>>>

(* Let $f:E\to X$ be a fibrewise pointed map over $B$. Then $\mathrm{secat}_B(f)\le\mathrm{cat}^*_B(X)$. If moreover $E$ is fibrewise contractible, then $\mathrm{secat}_B(f)=\mathrm{cat}^*_B(X)$.
   Context: Fibrewise space over $B$: a space $X$ with a map $p_X:X\to B$; fibrewise map: $p_Yf=p_X$; fibrewise pointed space: with a section $s_X$ of $p_X$; fibrewise pointed map: fibrewise map with $fs_E=s_X$. Fibrewise homotopy: $H:X\times[0,1]\to Y$ with $p_Y(H(x,t))=p_X(x)$ ($\simeq_B$). A fibrewise space is fibrewise contractible if it is fibrewise homotopy equivalent to $B$ (with projection $\mathrm{id}_B$). $\mathrm{secat}_B(f)$: least $n$ such that $X$ is covered by $n+1$ open sets $U$ each with a fibrewise map $s:U\to E$, $fs\simeq_B$ the inclusion $U\hookrightarrow X$. $\mathrm{cat}^*_B(X)$: least $n$ such that $X$ is covered by $n+1$ open sets $U_i$ with inclusion $U_i\hookrightarrow X$ fibrewise homotopic to $s_X\circ p_X|_{U_i}$. Both $\infty$ if no such $n$. *)

theory Defs
  imports "HOL-Analysis.Analysis" "HOL-Library.Extended_Nat"
begin

definition fibrewise_space :: "'b topology \<Rightarrow> 'x topology \<Rightarrow> ('x \<Rightarrow> 'b) \<Rightarrow> bool" where
  "fibrewise_space B X p \<longleftrightarrow> continuous_map X B p"

definition fibrewise_pointed_space ::
  "'b topology \<Rightarrow> 'x topology \<Rightarrow> ('x \<Rightarrow> 'b) \<Rightarrow> ('b \<Rightarrow> 'x) \<Rightarrow> bool" where
  "fibrewise_pointed_space B X p s \<longleftrightarrow>
     fibrewise_space B X p \<and> continuous_map B X s \<and> (\<forall>b\<in>topspace B. p (s b) = b)"

definition fibrewise_map ::
  "'x topology \<Rightarrow> ('x \<Rightarrow> 'b) \<Rightarrow> 'y topology \<Rightarrow> ('y \<Rightarrow> 'b) \<Rightarrow> ('x \<Rightarrow> 'y) \<Rightarrow> bool" where
  "fibrewise_map X pX Y pY f \<longleftrightarrow>
     continuous_map X Y f \<and> (\<forall>x\<in>topspace X. pY (f x) = pX x)"

definition fibrewise_pointed_map ::
  "'b topology \<Rightarrow> 'x topology \<Rightarrow> ('x \<Rightarrow> 'b) \<Rightarrow> ('b \<Rightarrow> 'x)
     \<Rightarrow> 'y topology \<Rightarrow> ('y \<Rightarrow> 'b) \<Rightarrow> ('b \<Rightarrow> 'y) \<Rightarrow> ('x \<Rightarrow> 'y) \<Rightarrow> bool" where
  "fibrewise_pointed_map B X pX sX Y pY sY f \<longleftrightarrow>
     fibrewise_map X pX Y pY f \<and> (\<forall>b\<in>topspace B. f (sX b) = sY b)"

definition fibrewise_homotopic ::
  "'x topology \<Rightarrow> ('x \<Rightarrow> 'b) \<Rightarrow> 'y topology \<Rightarrow> ('y \<Rightarrow> 'b) \<Rightarrow> ('x \<Rightarrow> 'y) \<Rightarrow> ('x \<Rightarrow> 'y) \<Rightarrow> bool" where
  "fibrewise_homotopic X pX Y pY g h \<longleftrightarrow>
     homotopic_with (\<lambda>k. \<forall>x\<in>topspace X. pY (k x) = pX x) X Y g h"

definition fibrewise_contractible :: "'b topology \<Rightarrow> 'e topology \<Rightarrow> ('e \<Rightarrow> 'b) \<Rightarrow> bool" where
  "fibrewise_contractible B E pE \<longleftrightarrow>
     (\<exists>g h. fibrewise_map E pE B id g \<and> fibrewise_map B id E pE h \<and>
            fibrewise_homotopic E pE E pE (h \<circ> g) id \<and>
            fibrewise_homotopic B id B id (g \<circ> h) id)"

text \<open>Fibrewise sectional category of f : E \<rightarrow> X (value \<infinity> if no finite cover exists).\<close>
definition secat_B ::
  "'e topology \<Rightarrow> ('e \<Rightarrow> 'b) \<Rightarrow> 'x topology \<Rightarrow> ('x \<Rightarrow> 'b) \<Rightarrow> ('e \<Rightarrow> 'x) \<Rightarrow> enat" where
  "secat_B E pE X pX f = Inf {enat n | n. \<exists>U :: nat \<Rightarrow> 'x set.
       topspace X \<subseteq> (\<Union>i\<le>n. U i) \<and>
       (\<forall>i\<le>n. openin X (U i) \<and>
          (\<exists>s. fibrewise_map (subtopology X (U i)) pX E pE s \<and>
               fibrewise_homotopic (subtopology X (U i)) pX X pX (f \<circ> s) id))}"

text \<open>Fibrewise pointed LS category of X (value \<infinity> if no finite cover exists).\<close>
definition cat_star_B :: "'x topology \<Rightarrow> ('x \<Rightarrow> 'b) \<Rightarrow> ('b \<Rightarrow> 'x) \<Rightarrow> enat" where
  "cat_star_B X pX sX = Inf {enat n | n. \<exists>U :: nat \<Rightarrow> 'x set.
       topspace X \<subseteq> (\<Union>i\<le>n. U i) \<and>
       (\<forall>i\<le>n. openin X (U i) \<and>
          fibrewise_homotopic (subtopology X (U i)) pX X pX id (sX \<circ> pX))}"

end

theory Submission
  imports Defs
begin

text \<open>A fibrewise null-homotopy of the inclusion of U (i.e. one to sX \<circ> pX) yields the local
section sE \<circ> pX of f, because f is pointed. Conversely, if E is fibrewise contractible, every
fibrewise map into E is fibrewise homotopic to sE composed with the projection, so any local
homotopy section s of f gives id \<simeq> f \<circ> s \<simeq> f \<circ> sE \<circ> pX = sX \<circ> pX over U. Hence the two kinds
of open sets coincide, and so do the two invariants.\<close>

lemma fibrewise_homotopic_sym:
  "fibrewise_homotopic X pX Y pY g h \<Longrightarrow> fibrewise_homotopic X pX Y pY h g"
  unfolding fibrewise_homotopic_def by (rule homotopic_with_symD)

lemma fibrewise_homotopic_trans:
  "fibrewise_homotopic X pX Y pY g h \<Longrightarrow> fibrewise_homotopic X pX Y pY h k
    \<Longrightarrow> fibrewise_homotopic X pX Y pY g k"
  unfolding fibrewise_homotopic_def by (rule homotopic_with_trans)

lemma fibrewise_homotopic_eq:
  assumes "fibrewise_homotopic X pX Y pY g h"
    and "\<And>x. x \<in> topspace X \<Longrightarrow> g' x = g x" "\<And>x. x \<in> topspace X \<Longrightarrow> h' x = h x"
  shows "fibrewise_homotopic X pX Y pY g' h'"
proof -
  let ?P = "\<lambda>k. \<forall>x\<in>topspace X. pY (k x) = pX x"
  have gh: "homotopic_with ?P X Y g h"
    using assms(1) unfolding fibrewise_homotopic_def .
  have g_props: "continuous_map X Y g" "?P g" and h_props: "continuous_map X Y h" "?P h"
    using homotopic_with_imp_continuous_maps[OF gh] homotopic_with_imp_property[OF gh] by auto
  have "continuous_map X Y g'"
    using continuous_map_eq[OF g_props(1)] assms(2) by metis
  then have "homotopic_with ?P X Y g' g"
    by (rule homotopic_with_equal[rotated 2]) (use g_props assms(2) in auto)
  moreover have "homotopic_with ?P X Y h h'"
    by (rule homotopic_with_equal[rotated 2]) (use h_props assms(3) in auto)
  ultimately show ?thesis
    unfolding fibrewise_homotopic_def using gh by (blast intro: homotopic_with_trans)
qed

lemma fibrewise_homotopic_compose_left:
  assumes "fibrewise_homotopic X pX Y pY g h" and "fibrewise_map Y pY Z pZ k"
  shows "fibrewise_homotopic X pX Z pZ (k \<circ> g) (k \<circ> h)"
proof -
  have "homotopic_with (\<lambda>j. continuous_map X Y j \<and> (\<forall>x\<in>topspace X. pY (j x) = pX x)) X Y g h"
    using assms(1) unfolding fibrewise_homotopic_def by (rule homotopic_with_mono) blast
  then show ?thesis
    using assms(2) unfolding fibrewise_homotopic_def fibrewise_map_def
    by (elim conjE homotopic_with_compose_continuous_map_left)
       (auto dest!: continuous_map_image_subset_topspace)
qed

lemma fibrewise_homotopic_compose_right:
  assumes "fibrewise_homotopic Y pY Z pZ g h" and "fibrewise_map X pX Y pY k"
  shows "fibrewise_homotopic X pX Z pZ (g \<circ> k) (h \<circ> k)"
  using assms unfolding fibrewise_homotopic_def fibrewise_map_def
  by (elim conjE homotopic_with_compose_continuous_map_right)
     (auto dest!: continuous_map_image_subset_topspace)

lemma fibrewise_map_section_comp:
  assumes "fibrewise_space B U pU" and "fibrewise_pointed_space B E pE sE"
  shows "fibrewise_map U pU E pE (sE \<circ> pU)"
  using assms continuous_map_image_subset_topspace[of U B pU]
  unfolding fibrewise_map_def fibrewise_pointed_space_def fibrewise_space_def
  by (auto intro: continuous_map_compose)

lemma fibrewise_space_subtopology:
  "fibrewise_space B X pX \<Longrightarrow> fibrewise_space B (subtopology X V) pX"
  unfolding fibrewise_space_def by (rule continuous_map_from_subtopology)

lemma fibrewise_pointed_map_section_comp:
  assumes "fibrewise_space B U pU" and "fibrewise_pointed_map B E pE sE X pX sX f"
    and "u \<in> topspace U"
  shows "f (sE (pU u)) = sX (pU u)"
  using assms continuous_map_image_subset_topspace[of U B pU]
  unfolding fibrewise_space_def fibrewise_pointed_map_def by auto

lemma fibrewise_nullhomotopic_imp_lift:
  assumes U: "fibrewise_space B U pU" and E: "fibrewise_pointed_space B E pE sE"
    and f: "fibrewise_pointed_map B E pE sE X pX sX f"
    and j: "fibrewise_homotopic U pU X pX j (sX \<circ> pU)"
  shows "\<exists>s. fibrewise_map U pU E pE s \<and> fibrewise_homotopic U pU X pX (f \<circ> s) j"
proof (intro exI conjI)
  show "fibrewise_map U pU E pE (sE \<circ> pU)"
    using U E by (rule fibrewise_map_section_comp)
  show "fibrewise_homotopic U pU X pX (f \<circ> (sE \<circ> pU)) j"
    by (rule fibrewise_homotopic_eq[OF fibrewise_homotopic_sym[OF j]])
       (simp_all add: fibrewise_pointed_map_section_comp[OF U f])
qed

lemma fibrewise_contractible_homotopic_section:
  assumes C: "fibrewise_contractible B E pE" and E: "fibrewise_pointed_space B E pE sE"
    and U: "fibrewise_space B U pU" and s: "fibrewise_map U pU E pE s"
  shows "fibrewise_homotopic U pU E pE s (sE \<circ> pU)"
proof -
  obtain g h where g: "fibrewise_map E pE B id g"
    and hg: "fibrewise_homotopic E pE E pE (h \<circ> g) id"
    using C unfolding fibrewise_contractible_def by blast
  have g_eq: "\<And>e. e \<in> topspace E \<Longrightarrow> g e = pE e"
    using g unfolding fibrewise_map_def by auto
  have sE: "fibrewise_map B id E pE sE" and pE_sE: "\<And>b. b \<in> topspace B \<Longrightarrow> pE (sE b) = b"
    and sE_in: "\<And>b. b \<in> topspace B \<Longrightarrow> sE b \<in> topspace E"
    using E continuous_map_image_subset_topspace[of B E sE]
    unfolding fibrewise_pointed_space_def fibrewise_map_def by auto
  have h_sE: "fibrewise_homotopic B id E pE h sE"
    using fibrewise_homotopic_compose_right[OF hg sE]
    by (rule fibrewise_homotopic_eq) (auto simp: g_eq sE_in pE_sE)
  have pU: "fibrewise_map U pU B id pU"
    using U unfolding fibrewise_space_def fibrewise_map_def by simp
  have s_in: "\<And>u. u \<in> topspace U \<Longrightarrow> s u \<in> topspace E \<and> pE (s u) = pU u"
    using s continuous_map_image_subset_topspace[of U E s] unfolding fibrewise_map_def by auto
  have "fibrewise_homotopic U pU E pE (id \<circ> s) ((h \<circ> g) \<circ> s)"
    using fibrewise_homotopic_compose_right[OF hg s] by (rule fibrewise_homotopic_sym)
  then have "fibrewise_homotopic U pU E pE s (h \<circ> pU)"
    by (rule fibrewise_homotopic_eq) (simp_all add: g_eq s_in)
  then show ?thesis
    using fibrewise_homotopic_compose_right[OF h_sE pU] by (rule fibrewise_homotopic_trans)
qed

lemma fibrewise_lift_imp_nullhomotopic:
  assumes C: "fibrewise_contractible B E pE" and E: "fibrewise_pointed_space B E pE sE"
    and f: "fibrewise_pointed_map B E pE sE X pX sX f"
    and U: "fibrewise_space B U pU" and s: "fibrewise_map U pU E pE s"
    and fs: "fibrewise_homotopic U pU X pX (f \<circ> s) j"
  shows "fibrewise_homotopic U pU X pX j (sX \<circ> pU)"
proof -
  have "fibrewise_homotopic U pU X pX (f \<circ> s) (f \<circ> (sE \<circ> pU))"
    using fibrewise_contractible_homotopic_section[OF C E U s] f
    unfolding fibrewise_pointed_map_def by (blast intro: fibrewise_homotopic_compose_left)
  then have "fibrewise_homotopic U pU X pX (f \<circ> s) (sX \<circ> pU)"
    by (elim fibrewise_homotopic_eq) (simp_all add: fibrewise_pointed_map_section_comp[OF U f])
  then show ?thesis
    using fibrewise_homotopic_sym[OF fs] by (rule fibrewise_homotopic_trans[rotated])
qed

text \<open>The least n such that n+1 open sets with property P cover X, or \<infinity> if there is none.\<close>
definition open_cover_number :: "'x topology \<Rightarrow> ('x set \<Rightarrow> bool) \<Rightarrow> enat" where
  "open_cover_number X P = Inf {enat n | n. \<exists>U :: nat \<Rightarrow> 'x set.
     topspace X \<subseteq> (\<Union>i\<le>n. U i) \<and> (\<forall>i\<le>n. openin X (U i) \<and> P (U i))}"

lemma open_cover_number_mono:
  assumes "\<And>U. openin X U \<Longrightarrow> P U \<Longrightarrow> Q U"
  shows "open_cover_number X Q \<le> open_cover_number X P"
  unfolding open_cover_number_def by (rule Inf_superset_mono) (use assms in blast)

lemma secat_B_eq_open_cover_number:
  "secat_B E pE X pX f = open_cover_number X (\<lambda>U. \<exists>s. fibrewise_map (subtopology X U) pX E pE s
     \<and> fibrewise_homotopic (subtopology X U) pX X pX (f \<circ> s) id)"
  unfolding secat_B_def open_cover_number_def ..

lemma cat_star_B_eq_open_cover_number:
  "cat_star_B X pX sX
     = open_cover_number X (\<lambda>U. fibrewise_homotopic (subtopology X U) pX X pX id (sX \<circ> pX))"
  unfolding cat_star_B_def open_cover_number_def ..

lemma secat_B_le_cat_star_B:
  assumes "fibrewise_pointed_space B E pE sE" and "fibrewise_pointed_space B X pX sX"
    and "fibrewise_pointed_map B E pE sE X pX sX f"
  shows "secat_B E pE X pX f \<le> cat_star_B X pX sX"
proof -
  have subspace: "\<And>U. fibrewise_space B (subtopology X U) pX"
    using assms(2) unfolding fibrewise_pointed_space_def by (blast intro: fibrewise_space_subtopology)
  show ?thesis
    unfolding secat_B_eq_open_cover_number cat_star_B_eq_open_cover_number
    by (rule open_cover_number_mono)
       (use fibrewise_nullhomotopic_imp_lift[OF _ assms(1,3)] subspace in blast)
qed

lemma cat_star_B_le_secat_B:
  assumes "fibrewise_contractible B E pE"
    and "fibrewise_pointed_space B E pE sE" and "fibrewise_pointed_space B X pX sX"
    and "fibrewise_pointed_map B E pE sE X pX sX f"
  shows "cat_star_B X pX sX \<le> secat_B E pE X pX f"
proof -
  have subspace: "\<And>U. fibrewise_space B (subtopology X U) pX"
    using assms(3) unfolding fibrewise_pointed_space_def by (blast intro: fibrewise_space_subtopology)
  show ?thesis
    unfolding secat_B_eq_open_cover_number cat_star_B_eq_open_cover_number
    by (rule open_cover_number_mono)
       (use fibrewise_lift_imp_nullhomotopic[OF assms(1,2,4)] subspace in blast)
qed

theorem proposition2p2:
  fixes B :: "'b topology" and E :: "'e topology" and X :: "'x topology"
    and pE :: "'e \<Rightarrow> 'b" and sE :: "'b \<Rightarrow> 'e"
    and pX :: "'x \<Rightarrow> 'b" and sX :: "'b \<Rightarrow> 'x"
    and f :: "'e \<Rightarrow> 'x"
  assumes "fibrewise_pointed_space B E pE sE"
    and "fibrewise_pointed_space B X pX sX"
    and "fibrewise_pointed_map B E pE sE X pX sX f"
  shows "secat_B E pE X pX f \<le> cat_star_B X pX sX \<and>
         (fibrewise_contractible B E pE \<longrightarrow> secat_B E pE X pX f = cat_star_B X pX sX)"
  using secat_B_le_cat_star_B[OF assms] cat_star_B_le_secat_B[OF _ assms]
  by (auto intro: order.antisym)

end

<<<

- Exercise directions:
All lines in the records above with "infinity" need to be found and copied.

- Exercise response:
text \<open>Fibrewise sectional category of f : E \<rightarrow> X (value \<infinity> if no finite cover exists).\<close>
text \<open>Fibrewise pointed LS category of X (value \<infinity> if no finite cover exists).\<close>
text \<open>The least n such that n+1 open sets with property P cover X, or \<infinity> if there is none.\<close>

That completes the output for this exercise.